Finding the various IP blocks and determining whether they’ve been used anywhere else is critical. “A lot of companies will have different PDKs for different foundries, and the design team needs to know if an IP has been foundry-verified, or if another customer within the same company is using it,” said Adhikary. “You would like to find out the reliability of the IP. Specifically, has it gone into production? Have there been any problems with it? Ultimately it is a question of how well is the power, performance and area documented. What we find in most companies we go into is that the information is not all there in one place, and it becomes important for the IP management system to be tied to the document control systems so that everybody is in sync. And this is just the beginning.”
Looking ahead
As cloud service providers look beyond 25.6Tbps switches to 51.2Tbps, it seems unlikely that traditional scaling techniques will suffice.
“Switch ASICs are implemented in the advanced technology nodes to leverage the increased density and lower power, but are hitting reticle and yield limits,” Walia said. “One option that is rapidly gaining popularity is die disaggregation, where a large monolithic die is broken up into manageable die sizes and then integrated inside a multi-chip module (MCM) package using a high-speed, low-power in-package interconnect.

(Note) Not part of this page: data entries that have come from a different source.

lemma std_I_decrement:
  assumes "b \<in> std_I (Suc d)" "i < Suc m" "0 < b i"
  shows "b(i := b i - 1) \<in> std_I d"
proof (cases "b \<in> times_last ` std_I d")
  case True
  then obtain w where w: "b = times_last w" "w \<in> std_I d" by blast
  show ?thesis
  proof (cases "i = m")
    case True
    then show ?thesis using w by (simp add: times_last_def)
  next
    case False
    then have "0 < w i" "b i = w i" using w(1) assms(3) by (simp_all add: times_last_def)
    then have "times_last (w(i := w i - 1)) \<in> std_I d"
      using std_I_exchange[OF w(2)] False assms(2) by simp
    then show ?thesis using w(1) False \<open>b i = w i\<close> by (simp add: times_last_fun_upd)
  qed
next
  case False
  then have below: "enat (Suc d) < r" and b: "b \<in> std_J (Suc d)"
    using assms(1) revlex_bottom_subset[of "Suc m"] by (auto split: if_splits)
  have "i < m" using std_J_last_zero[OF b] assms(2,3) by (cases "i = m") auto
  moreover have "d = 0 \<or> enat d < r" using below by (cases d) (auto intro: order.strict_trans[rotated])
  ultimately show ?thesis using std_J_decrement[OF b _ assms(3)] std_J_subset_std_I by blast
qed

lemma std_I_divisor:
  "b \<in> std_I d \<Longrightarrow> a \<in> mons (Suc m) \<Longrightarrow> mdvd a b \<Longrightarrow> a \<in> std_I (mdeg (Suc m) a)"
proof (induction d arbitrary: b)
  case 0
  then have "b \<in> mons (Suc m)" "mdeg (Suc m) b = 0" using std_I_subset[of 0] by blast+
  then have "a = b" using 0 mdeg_eq_0_imp_zero by (fastforce simp: mdvd_def fun_eq_iff)
  then show ?case using 0 std_I_subset[of 0] by auto
next
  case (Suc d)
  have b: "b \<in> mons (Suc m)" "mdeg (Suc m) b = Suc d" using Suc.prems(1) std_I_subset by blast+
  show ?case
  proof (cases "a = b")
    case True
    then show ?thesis using Suc.prems(1) b by simp
  next
    case False
    then obtain i where i: "a i < b i" using Suc.prems(3) unfolding mdvd_def
      by (metis antisym fun_eq_iff not_le)
    then have "i < Suc m" using b(1) mons_zero[of b "Suc m" i] by (metis not_less not_less0)
    then have "b(i := b i - 1) \<in> std_I d" using std_I_decrement Suc.prems(1) i by simp
    moreover have "mdvd a (b(i := b i - 1))" using Suc.prems(3) i by (auto simp: mdvd_def)
    ultimately show ?thesis using Suc.IH Suc.prems(2) by blast
  qed
qed

lemma monomial_ideal_I: "monomial_ideal (Suc m) I"
  unfolding monomial_ideal_def I_def using std_I_divisor by blast

lemma hilb_I: "hilb (Suc m) I d = h d"
proof -
  have "{a \<in> mons (Suc m). mdeg (Suc m) a = d \<and> a \<notin> I} = std_I d"
    using std_I_subset[of d] by (auto simp: I_def)
  then show ?thesis using card_std_I by (simp add: hilb_def)
qed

The other option is to separate the logic die and SerDes and put them together in an MCM. Greater optical density needed for 51.2Tbps can be achieved by shifting to in-package optics, where optical dies are integrated with switch ASIC dies in an MCM for a heterogenous system-in-package (SiP). The fibers can then be traced out to the faceplate or the pigtails.”
Switch ASICs and high-speed optical and electrical interconnects are the backbone of cloud-era datacenters. To meet the explosive growth in bandwidth in these datacenters, switch ASIC makers, optical and interconnect IP vendors and standards bodies will need to build ecosystems. The future revolves around heterogeneous solutions that will meet new performance, power and scalability requirements, tailored for specific applications and unique data flows.